Exercise instructions
Starting at the line with "else (\<Sum>j = 1..n.", repeat every line exactly until the records end, including the last one.

Collected data:
(* Let $m\in\mathbb{N}$, let $\|\cdot\|$ be an arbitrary norm on $\mathbb{R}^m$, and let $\varepsilon>0$. Set $n(m):=\lceil \log_2(m+1)\rceil+1$. Then there exists an algorithm $R_m^\varepsilon\colon\mathbb{R}^m\to\mathbb{R}^m$ that uses at most $n(m)$ adaptively chosen measurements, each of which is a Lipschitz-continuous functional $\mathbb{R}^m\to\mathbb{R}$ (with Lipschitz constant $1$ with respect to $\|\cdot\|$), such that \[ \|x-R_m^\varepsilon(x)\|\le\varepsilon\qquad\text{for all }x\in\mathbb{R}^m. \]
   Context: An algorithm using at most $n$ adaptive measurements on $\mathbb{R}^m$ is a map of the form $x\mapsto \Phi(y_1,\dots,y_n)$, where $y_1=\lambda_1(x)$ for a fixed functional $\lambda_1\colon\mathbb{R}^m\to\mathbb{R}$, and for $k\ge 2$, $y_k=\lambda_k^{(y_1,\dots,y_{k-1})}(x)$, where the functional $\lambda_k^{(y_1,\dots,y_{k-1})}\colon\mathbb{R}^m\to\mathbb{R}$ may depend in an arbitrary way on the previously computed values $y_1,\dots,y_{k-1}$; the reconstruction map $\Phi\colon\mathbb{R}^n\to\mathbb{R}^m$ is arbitrary (not necessarily continuous). Here every functional that may ever be used is required to be Lipschitz continuous. *)

theory Defs
  imports "HOL-Analysis.Analysis"
begin

text \<open>R^m is represented as the functions nat => real vanishing outside {..<m}.\<close>
definition vecs :: "nat \<Rightarrow> (nat \<Rightarrow> real) set" where
  "vecs m = {x. \<forall>i\<ge>m. x i = 0}"

definition is_norm_on :: "nat \<Rightarrow> ((nat \<Rightarrow> real) \<Rightarrow> real) \<Rightarrow> bool" where
  "is_norm_on m N \<longleftrightarrow>
     (\<forall>x\<in>vecs m. 0 \<le> N x) \<and>
     (\<forall>x\<in>vecs m. N x = 0 \<longleftrightarrow> x = (\<lambda>i. 0)) \<and>
     (\<forall>c. \<forall>x\<in>vecs m. N (\<lambda>i. c * x i) = \<bar>c\<bar> * N x) \<and>
     (\<forall>x\<in>vecs m. \<forall>y\<in>vecs m. N (\<lambda>i. x i + y i) \<le> N x + N y)"

text \<open>Adaptive measurements: the k-th functional is L applied to the list of previously
  computed values; adaptive_meas L k x is the list [y_1,...,y_k].\<close>
fun adaptive_meas :: "(real list \<Rightarrow> (nat \<Rightarrow> real) \<Rightarrow> real) \<Rightarrow> nat \<Rightarrow> (nat \<Rightarrow> real) \<Rightarrow> real list" where
  "adaptive_meas L 0 x = []"
| "adaptive_meas L (Suc k) x = (let ys = adaptive_meas L k x in ys @ [L ys x])"

end

theory Submission
  imports Defs
begin
(* Let $M\subset\mathbb{P}$ and write $\mathrm{pop}=\mathrm{pop}_M$. (1) For $\operatorname{Re}(s)>1$, $$\sum_{p\in M}p^{-s}=\sum_{n=1}^{\infty}\frac{\mu(n)}{n}\ln Z_M(ns),$$ where $\ln Z_M(w)=-\sum_{p\in M}\ln(1-p^{-w})$ with the principal branch of the logarithm. (2) For $|x|<1$ let $l_{\mathrm{pop}}(x)=\sum_{k\in\mathrm{pop}}\frac{x^k}{k}$. Then for $|x|<1$, $$\sum_{n\in\mathrm{pop}}\frac{\mu(n)}{n}\,l_{\mathrm{pop}}(x^n)=x,\qquad l_{\mathrm{pop}}(x)=\sum_{n\in\mathrm{pop}_{\mathbb{P}\setminus M}}\frac{\mu(n)}{n}\ln\frac{1}{1-x^n},$$ and consequently, for $\operatorname{Re}(s)>1$, $$\sum_{n\in\mathrm{pop}}\frac{\mu(n)}{n}\Big(\sum_{p\in M}l_{\mathrm{pop}}(p^{-ns})\Big)=\sum_{p\in M}p^{-s}.$$
   Context: $\mathbb{P}$ is the set of primes; $\mu$ is the Möbius function. For $M\subset\mathbb{P}$, $\mathrm{pop}_M$ is the set of positive integers all of whose prime factors lie in $M$ (including $1$), and $Z_M(s)=\prod_{p\in M}(1-p^{-s})^{-1}=\sum_{n\in\mathrm{pop}_M}n^{-s}$ for $\operatorname{Re}(s)>1$. *)

theory Defs
  imports "HOL-Analysis.Analysis" "HOL-Computational_Algebra.Computational_Algebra"
begin

text \<open>Moebius function: mu(n) = (-1)^(number of prime factors) for squarefree n > 0,
  0 otherwise (and mu(0) = 0 by convention; 0 never occurs in the sums).\<close>
definition moebius :: "nat \<Rightarrow> int" where
  "moebius n = (if n > 0 \<and> squarefree n then (-1) ^ card (prime_factors n) else 0)"

definition pop :: "nat set \<Rightarrow> nat set" where
  "pop M = {n. n > 0 \<and> prime_factors n \<subseteq> M}"

definition lnZ :: "nat set \<Rightarrow> complex \<Rightarrow> complex" where
  "lnZ M w = - (\<Sum>\<^sub>\<infinity>p\<in>M. Ln (1 - (of_nat p) powr (-w)))"

definition lpop :: "nat set \<Rightarrow> complex \<Rightarrow> complex" where
  "lpop M x = (\<Sum>\<^sub>\<infinity>k\<in>pop M. x ^ k / of_nat k)"

end

theory Submission
  imports Defs
begin

(* Expanding every logarithm as a power series turns each identity into a double series
   sum_{n in A} a(n)/n sum_{k in K} z^(nk)/k with |a(n)| <= 1 and |z| < 1.  It converges
   absolutely (its terms are dominated by |z|^(n+k-1)), so it may be regrouped by m = nk into
   sum_{m >= 1} c(m) z^m/m with c(m) = sum {a(n) | n in A, n dvd m, m/n in K}.  For a = mu
   these coefficients are divisor sums of mu over pop sets, and
   sum {mu(d) | d dvd m, d in pop_N} = [m has no prime factor in N]
   (the squarefree such d correspond to the subsets of those prime factors).  This gives
   c(m) = [m = 1] when A = K = pop_M, and c(m) = [m in pop_M] when A = pop_(P - M) and K is
   all of N+.  For the Dirichlet series one takes z = p^(-s); the additional sum over p in M
   can be interchanged with the others because sum_p |p^(-s)| converges for Re s > 1. *)

section \<open>Moebius sums over pop sets\<close>

lemma sum_Pow_neg_one_power_card:
  assumes "finite Q"
  shows "(\<Sum>S\<in>Pow Q. (-1::int) ^ card S) = (if Q = {} then 1 else 0)"
proof -
  have "(\<Prod>x\<in>Q. (1::int) - 1) = (\<Sum>S\<in>Pow Q. (-1) ^ card S * (\<Prod>x\<in>S. 1) * (\<Prod>x\<in>Q-S. 1))"
    by (rule prod_diff_conv_sum[OF assms])
  moreover have "Q \<noteq> {} \<Longrightarrow> (0::int) ^ card Q = 0"
    using assms by (simp add: card_gt_0_iff)
  ultimately show ?thesis
    using assms by auto
qed

lemma squarefree_imp_pos_nat: "squarefree (d::nat) \<Longrightarrow> d > 0"
  by (cases "d = 0") auto

lemma multiplicity_squarefree:
  fixes d :: nat
  assumes "squarefree d" "p \<in> prime_factors d"
  shows "multiplicity p d = 1"
  using assms squarefree_factorial_semiring'[of d] squarefree_imp_pos_nat[OF assms(1)] by simp
(* Let $L$ be a finite list with $t$ marked items, where $|L|/4 < t \le |L|$, and let $\theta \in (0,\pi/2]$ satisfy $\sin^2\theta = t/|L|$. For a positive integer $m$, let $P_m$ be the probability of finding a marked item when one chooses $j$ uniformly at random among the non-negative integers smaller than $m$, applies $j$ Grover iterations to the uniform superposition over $L$ and measures. Then $$P_m \ge \begin{cases} \frac14 & \text{for } m = 1,\\ \frac12 - \frac{1}{2\pi}\frac{1}{1-\frac{\pi^2}{96}} \approx 0.323 & \text{for } m > 1.\end{cases}$$
   Context: A Grover iteration is the unitary that reflects through the unmarked states followed by a reflection through the uniform superposition over $L$. For $\theta \ne \pi/2$ one has $P_m = \frac12 - \frac{\sin(4m\theta)}{4m\sin(2\theta)}$. *)

theory Defs
  imports Complex_Main
begin

text \<open>Quantum states on a finite list (index set) L are amplitude functions
  L \<Rightarrow> real (all amplitudes occurring in Grover search are real).
  M is the set of marked items.\<close>

definition uniform_state :: "'a set \<Rightarrow> ('a \<Rightarrow> real)" where
  "uniform_state L = (\<lambda>x. if x \<in> L then 1 / sqrt (real (card L)) else 0)"

definition reflect_unmarked :: "'a set \<Rightarrow> ('a \<Rightarrow> real) \<Rightarrow> ('a \<Rightarrow> real)" where
  "reflect_unmarked M \<psi> = (\<lambda>x. if x \<in> M then - \<psi> x else \<psi> x)"

definition reflect_uniform :: "'a set \<Rightarrow> ('a \<Rightarrow> real) \<Rightarrow> ('a \<Rightarrow> real)" where
  "reflect_uniform L \<psi> =
     (let u = uniform_state L; c = (\<Sum>y\<in>L. u y * \<psi> y) in (\<lambda>x. 2 * c * u x - \<psi> x))"

definition grover_iter :: "'a set \<Rightarrow> 'a set \<Rightarrow> ('a \<Rightarrow> real) \<Rightarrow> ('a \<Rightarrow> real)" where
  "grover_iter L M \<psi> = reflect_uniform L (reflect_unmarked M \<psi>)"

definition grover_success :: "'a set \<Rightarrow> 'a set \<Rightarrow> nat \<Rightarrow> real" where
  "grover_success L M j = (\<Sum>x\<in>M. (((grover_iter L M ^^ j) (uniform_state L)) x)\<^sup>2)"

definition P_avg :: "'a set \<Rightarrow> 'a set \<Rightarrow> nat \<Rightarrow> real" where
  "P_avg L M m = (\<Sum>j<m. grover_success L M j) / real m"

end

theory Submission
  imports Defs "HOL-Analysis.Complex_Transcendental"
begin

text \<open>The Grover iteration preserves states that are constant on the marked and on the unmarked
  items. On the plane of such states, with orthonormal basis the normalised marked and unmarked
  superpositions, it is the rotation by \<open>2\<theta>\<close>, and the uniform state has angle \<open>\<theta>\<close>; so after
  \<open>j\<close> iterations the success probability is \<open>sin\<^sup>2((2j+1)\<theta>)\<close>. Averaging over \<open>j < m\<close>
  telescopes to \<open>P\<^sub>m = 1/2 - sin(4m\<theta>) / (4m sin 2\<theta>)\<close>. Since \<open>t > |L|/4\<close> forces
  \<open>\<theta> > \<pi>/6\<close>, the angle \<open>\<phi> = \<pi> - 2\<theta>\<close> lies in \<open>(0, 2\<pi>/3)\<close> and the error term becomes
  \<open>-sin(2m\<phi>) / (4m sin \<phi>)\<close>. It is harmless while \<open>2m\<phi> \<le> \<pi>\<close>; beyond that it is bounded
  using \<open>sin \<phi> \<ge> (1 - \<pi>\<^sup>2/96) \<phi>\<close> for \<open>\<phi> \<le> \<pi>/4\<close> and \<open>sin \<phi> \<ge> \<surd>2/2\<close> otherwise.\<close>

definition two_level_state :: "'a set \<Rightarrow> 'a set \<Rightarrow> real \<Rightarrow> real \<Rightarrow> 'a \<Rightarrow> real" where
  "two_level_state L M a b = (\<lambda>x. if x \<in> M then a else if x \<in> L then b else 0)"

lemma two_level_state_cong:
  assumes "a = a'" and "L - M \<noteq> {} \<Longrightarrow> b = b'"
  shows "two_level_state L M a b = two_level_state L M a' b'"
  using assms by (auto simp: two_level_state_def fun_eq_iff)

lemma grover_iter_two_level_state:
  fixes a b :: real
  assumes "finite L" and "M \<subseteq> L"
  defines "c \<equiv> 2 * (real (card (L - M)) * b - real (card M) * a) / real (card L)"
  shows "grover_iter L M (two_level_state L M a b) = two_level_state L M (a + c) (c - b)"
proof -
  let ?u = "uniform_state L" and ?\<psi> = "reflect_unmarked M (two_level_state L M a b)"
  have "(\<Sum>y\<in>L. ?u y * ?\<psi> y) = (\<Sum>y\<in>L - M. ?u y * ?\<psi> y) + (\<Sum>y\<in>M. ?u y * ?\<psi> y)"
    using sum.subset_diff[OF assms(2,1)] by simp
  also have "\<dots> = (\<Sum>y\<in>L - M. b / sqrt (card L)) + (\<Sum>y\<in>M. - a / sqrt (card L))"
    using assms(2) by (intro arg_cong2[where f = "(+)"] sum.cong)
      (auto simp: uniform_state_def reflect_unmarked_def two_level_state_def)
  finally have inner:
    "(\<Sum>y\<in>L. ?u y * ?\<psi> y) = (real (card (L - M)) * b - real (card M) * a) / sqrt (card L)"
    by (simp add: diff_divide_distrib)
  have "2 * (\<Sum>y\<in>L. ?u y * ?\<psi> y) * (1 / sqrt (card L)) = c"
    unfolding inner c_def by (simp add: field_simps)
  then show ?thesis
    using assms(2) by (auto simp: grover_iter_def reflect_uniform_def uniform_state_def
        reflect_unmarked_def two_level_state_def fun_eq_iff Let_def)
qed

lemma sin_add_twice: "sin (a + 2 * x) = sin a + 2 * cos (a + x) * sin (x :: real)"
  using cos_times_sin[of "a + x" x] by (simp add: algebra_simps)

lemma cos_add_twice: "cos (a + 2 * x) = 2 * cos (a + x) * cos x - cos (a :: real)"
  using cos_times_cos[of "a + x" x] by (simp add: algebra_simps)

lemma sin_times_sum_cos_odd:
  "2 * sin x * (\<Sum>j<m. cos ((2 * real j + 1) * x)) = sin (2 * real m * (x :: real))"
proof (induction m)
  case (Suc m)
  have "2 * sin x * cos ((2 * real m + 1) * x) = sin (2 * real (Suc m) * x) - sin (2 * real m * x)"
    using cos_times_sin[of "(2 * real m + 1) * x" x] by (simp add: algebra_simps)
  with Suc.IH show ?case by (simp add: algebra_simps)
qed simp

lemma one_minus_sq_div_2_le_cos:
  fixes x :: real
  assumes "0 \<le> x"
  shows "1 - x\<^sup>2 / 2 \<le> cos x"
proof -
  have "\<And>y. 0 \<le> y \<Longrightarrow> y \<le> x \<Longrightarrow>
      ((\<lambda>y. cos y - 1 + y\<^sup>2 / 2) has_real_derivative y - sin y) (at y)"
    by (auto intro!: derivative_eq_intros)
  moreover have "\<And>y::real. 0 \<le> y \<Longrightarrow> 0 \<le> y - sin y"
    using sin_x_le_x by simp
  ultimately have "cos 0 - 1 + 0\<^sup>2 / 2 \<le> cos x - 1 + x\<^sup>2 / 2"
    by (intro DERIV_nonneg_imp_nondecreasing[OF assms]) blast
  then show ?thesis
    by simp
qed

lemma x_minus_cube_div_6_le_sin:
  fixes x :: real
  assumes "0 \<le> x"
  shows "x - x ^ 3 / 6 \<le> sin x"
proof -
  have "\<And>y. 0 \<le> y \<Longrightarrow> y \<le> x \<Longrightarrow>
      ((\<lambda>y. sin y - y + y ^ 3 / 6) has_real_derivative cos y - 1 + y\<^sup>2 / 2) (at y)"
    by (auto intro!: derivative_eq_intros simp: field_simps)
  moreover have "\<And>y::real. 0 \<le> y \<Longrightarrow> 0 \<le> cos y - 1 + y\<^sup>2 / 2"
    using one_minus_sq_div_2_le_cos by fastforce
  ultimately have "sin 0 - 0 + 0 ^ 3 / 6 \<le> sin x - x + x ^ 3 / 6"
    by (intro DERIV_nonneg_imp_nondecreasing[OF assms]) blast
  then show ?thesis
    by simp
qed

lemma sin_ge_linear_quarter_pi:
  fixes x :: real
  assumes "0 \<le> x" and "x \<le> pi / 4"
  shows "(1 - pi\<^sup>2 / 96) * x \<le> sin x"
proof -
  have "x\<^sup>2 \<le> (pi / 4)\<^sup>2"
    using assms by (intro power_mono) auto
  then have "x * x\<^sup>2 \<le> x * (pi / 4)\<^sup>2"
    using assms(1) by (rule mult_left_mono)
  then have "(1 - pi\<^sup>2 / 96) * x \<le> x - x ^ 3 / 6"
    by (simp add: power2_eq_square power3_eq_cube field_simps)
  also have "\<dots> \<le> sin x"
    using assms(1) by (rule x_minus_cube_div_6_le_sin)
  finally show ?thesis .
qed

definition grover_avg_bound :: real where
  "grover_avg_bound = 1 / (2 * pi) * (1 / (1 - pi\<^sup>2 / 96))"

lemma one_minus_pi_sq_div_96_pos: "0 < 1 - pi\<^sup>2 / 96"
proof -
  have "pi\<^sup>2 \<le> 4\<^sup>2"
    using pi_less_4 pi_gt_zero by (intro power_mono) auto
  then show ?thesis
    by simp
qed

lemma grover_avg_bound_pos: "0 < grover_avg_bound"
  using one_minus_pi_sq_div_96_pos by (simp add: grover_avg_bound_def)

lemma one_le_4_sqrt2_grover_avg_bound: "1 \<le> 4 * sqrt 2 * grover_avg_bound"
proof -
  have pi_bounds: "3.1415 \<le> pi" "pi \<le> 3.1416"
    using pi_approx by simp_all
  have "31.0035 \<le> (3.1415 :: real) ^ 3"
    by (simp add: power3_eq_cube)
  also have "\<dots> \<le> pi ^ 3"
    using pi_bounds by (intro power_mono) auto
  finally have "2 * pi - pi ^ 3 / 48 \<le> 4 * sqrt 2"
    using pi_bounds real_le_rsqrt[of "1.4142" 2] by (simp add: power2_eq_square)
  then have "(2 * pi - pi ^ 3 / 48) * grover_avg_bound \<le> 4 * sqrt 2 * grover_avg_bound"
    using grover_avg_bound_pos by (intro mult_right_mono) simp_all
  moreover have "(2 * pi - pi ^ 3 / 48) * grover_avg_bound = 1"
    using one_minus_pi_sq_div_96_pos pi_gt_zero
    by (simp add: grover_avg_bound_def field_simps power2_eq_square power3_eq_cube)
  ultimately show ?thesis
    by simp
qed
lemma sum_Pow_card:
  fixes f :: "nat \<Rightarrow> 'a::comm_semiring_1"
  assumes "finite B"
  shows "(\<Sum>S\<in>Pow B. f (card S)) = (\<Sum>k\<le>card B. of_nat (card B choose k) * f k)"
proof -
  have "(\<Sum>S\<in>Pow B. f (card S)) = (\<Sum>k\<le>card B. \<Sum>S\<in>{S \<in> Pow B. card S = k}. f (card S))"
    using assms by (intro sum.group[symmetric]) (auto intro: card_mono)
  also have "\<dots> = (\<Sum>k\<le>card B. of_nat (card B choose k) * f k)"
  proof (rule sum.cong[OF refl])
    fix k
    have "(\<Sum>S\<in>{S \<in> Pow B. card S = k}. f (card S)) = (\<Sum>S\<in>{S. S \<subseteq> B \<and> card S = k}. f k)"
      by (intro sum.cong) auto
    then show "(\<Sum>S\<in>{S \<in> Pow B. card S = k}. f (card S)) = of_nat (card B choose k) * f k"
      using n_subsets[OF assms] by simp
  qed
  finally show ?thesis .
qed

lemma card_repl_classes_on_small:
  assumes "finite A" "card A < c + 1"
  shows "card (repl_classes_on c A) = fact (card A)"
proof -
  have "repl_step_on c A = {}"
    using assms(2) length_finite_permutations_of_set
    by (fastforce simp: repl_step_on_def)
  then have "repl_equiv_on c A = Id_on (permutations_of_set A)"
    unfolding repl_equiv_on_def by simp
  then have "repl_classes_on c A = (\<lambda>x. {x}) ` permutations_of_set A"
    unfolding repl_classes_on_def quotient_def by auto
  then show ?thesis using assms(1) by (simp add: card_image)
qed

lemma classes_eq_repl_classes_on: "classes c n = repl_classes_on c {1..n}"
  unfolding classes_def repl_classes_on_def repl_equiv_eq_repl_equiv_on perms_eq_permutations_of_set ..

lemma num_classes_eq_card: "num_classes c n = card (repl_classes_on c {..<n})"
  using card_classes_eq_card_lessThan(1)[of "{1..n}"]
  unfolding num_classes_def classes_eq_repl_classes_on by simp

lemma squished_one_iff:
  assumes "\<sigma> \<in> permutations_of_set {1..n}"
  shows "squished c 1 \<sigma> \<longleftrightarrow> std_starts_with_one \<sigma>"
proof (cases \<sigma>)
  case (Cons a \<sigma>')
  have "set \<sigma> = {1..n}" using assms by (simp add: permutations_of_set_def)
  moreover have "a \<in> set \<sigma>" using Cons by simp
  ultimately have "1 \<in> set \<sigma>" "\<forall>x\<in>set \<sigma>. 1 \<le> x" "1 \<le> a" by auto
  with Cons show ?thesis by (auto simp: squished_def std_starts_with_one_def)
qed (simp add: squished_def std_starts_with_one_def)

lemma num_squished_classes_one_eq_card:
  "num_squished_classes c 1 n = card (min_first_classes_on c {..<n})"
proof -
  have "{C \<in> classes c n. \<exists>\<sigma>\<in>C. squished c 1 \<sigma>} = min_first_classes_on c {1..n}"
    using squished_one_iff in_quotient_imp_subset[OF equiv_repl_equiv_on]
    unfolding classes_eq_repl_classes_on min_first_classes_on_def repl_classes_on_def by blast
  then show ?thesis
    using card_classes_eq_card_lessThan(2)[of "{1..n}"] unfolding num_squished_classes_def by simp
qed

lemma num_classes_recurrence:
  assumes "n \<ge> 1"
  shows "num_classes c n = (\<Sum>j = 1..n. num_classes c (j - 1) * num_squished_classes c 1 (n - j + 1)
                          * ((n - 1) choose (j - 1)))"
proof -
  define F where "F k = card (repl_classes_on c {..<k})" for k
  define G where "G k = card (min_first_classes_on c {..<k})" for k
  define B where "B = {..<n} - {0}"
  have "num_classes c n = (\<Sum>S\<in>Pow B. card (repl_classes_on c S) * card (min_first_classes_on c ({..<n} - S)))"
    unfolding num_classes_eq_card B_def using assms by (intro card_repl_classes_on_split_at_min) auto
  also have "\<dots> = (\<Sum>S\<in>Pow B. F (card S) * G (n - card S))"
  proof (rule sum.cong[OF refl])
    fix S assume "S \<in> Pow B"
    then have "S \<subseteq> {..<n}" unfolding B_def by auto
    moreover from this have "finite S" by (rule finite_subset) simp
    ultimately have "card ({..<n} - S) = n - card S" by (simp add: card_Diff_subset)
    then show "card (repl_classes_on c S) * card (min_first_classes_on c ({..<n} - S))
        = F (card S) * G (n - card S)"
      unfolding F_def G_def
      using card_classes_eq_card_lessThan(1)[OF \<open>finite S\<close>]
        card_classes_eq_card_lessThan(2)[of "{..<n} - S"] by simp
  qed
  also have "\<dots> = (\<Sum>k<n. ((n - 1) choose k) * (F k * G (n - k)))"
  proof -
    have "card B = n - 1" "{..card B} = {..<n}" using assms unfolding B_def by auto
    then show ?thesis using sum_Pow_card[of B "\<lambda>k. F k * G (n - k)"] by (simp add: B_def)
  qed
  also have "\<dots> = (\<Sum>j = 1..n. F (j - 1) * G (n - j + 1) * ((n - 1) choose (j - 1)))"
    by (simp add: sum.atLeast1_atMost_eq Suc_diff_Suc mult.commute)
  finally show ?thesis unfolding F_def G_def num_classes_eq_card num_squished_classes_one_eq_card .
qed

theorem theorem3p4:
  fixes c n :: nat
  assumes "c \<ge> 1"
  shows "num_classes c n =
    (if n < c + 1 then fact n
     else (\<Sum>j = 1..n. num_classes c (j - 1) * num_squished_classes c 1 (n - j + 1)
                          * ((n - 1) choose (j - 1))))"
proof (cases "n < c + 1")
  case True
  then show ?thesis using card_repl_classes_on_small[of "{..<n}" c] by (simp add: num_classes_eq_card)
next
  case False
  then show ?thesis using num_classes_recurrence[of n c] by simp
qed

end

Answer
     else (\<Sum>j = 1..n. num_classes c (j - 1) * num_squished_classes c 1 (n - j + 1)
                          * ((n - 1) choose (j - 1))))"
proof (cases "n < c + 1")
  case True
  then show ?thesis using card_repl_classes_on_small[of "{..<n}" c] by (simp add: num_classes_eq_card)
next
  case False
  then show ?thesis using num_classes_recurrence[of n c] by simp
qed

end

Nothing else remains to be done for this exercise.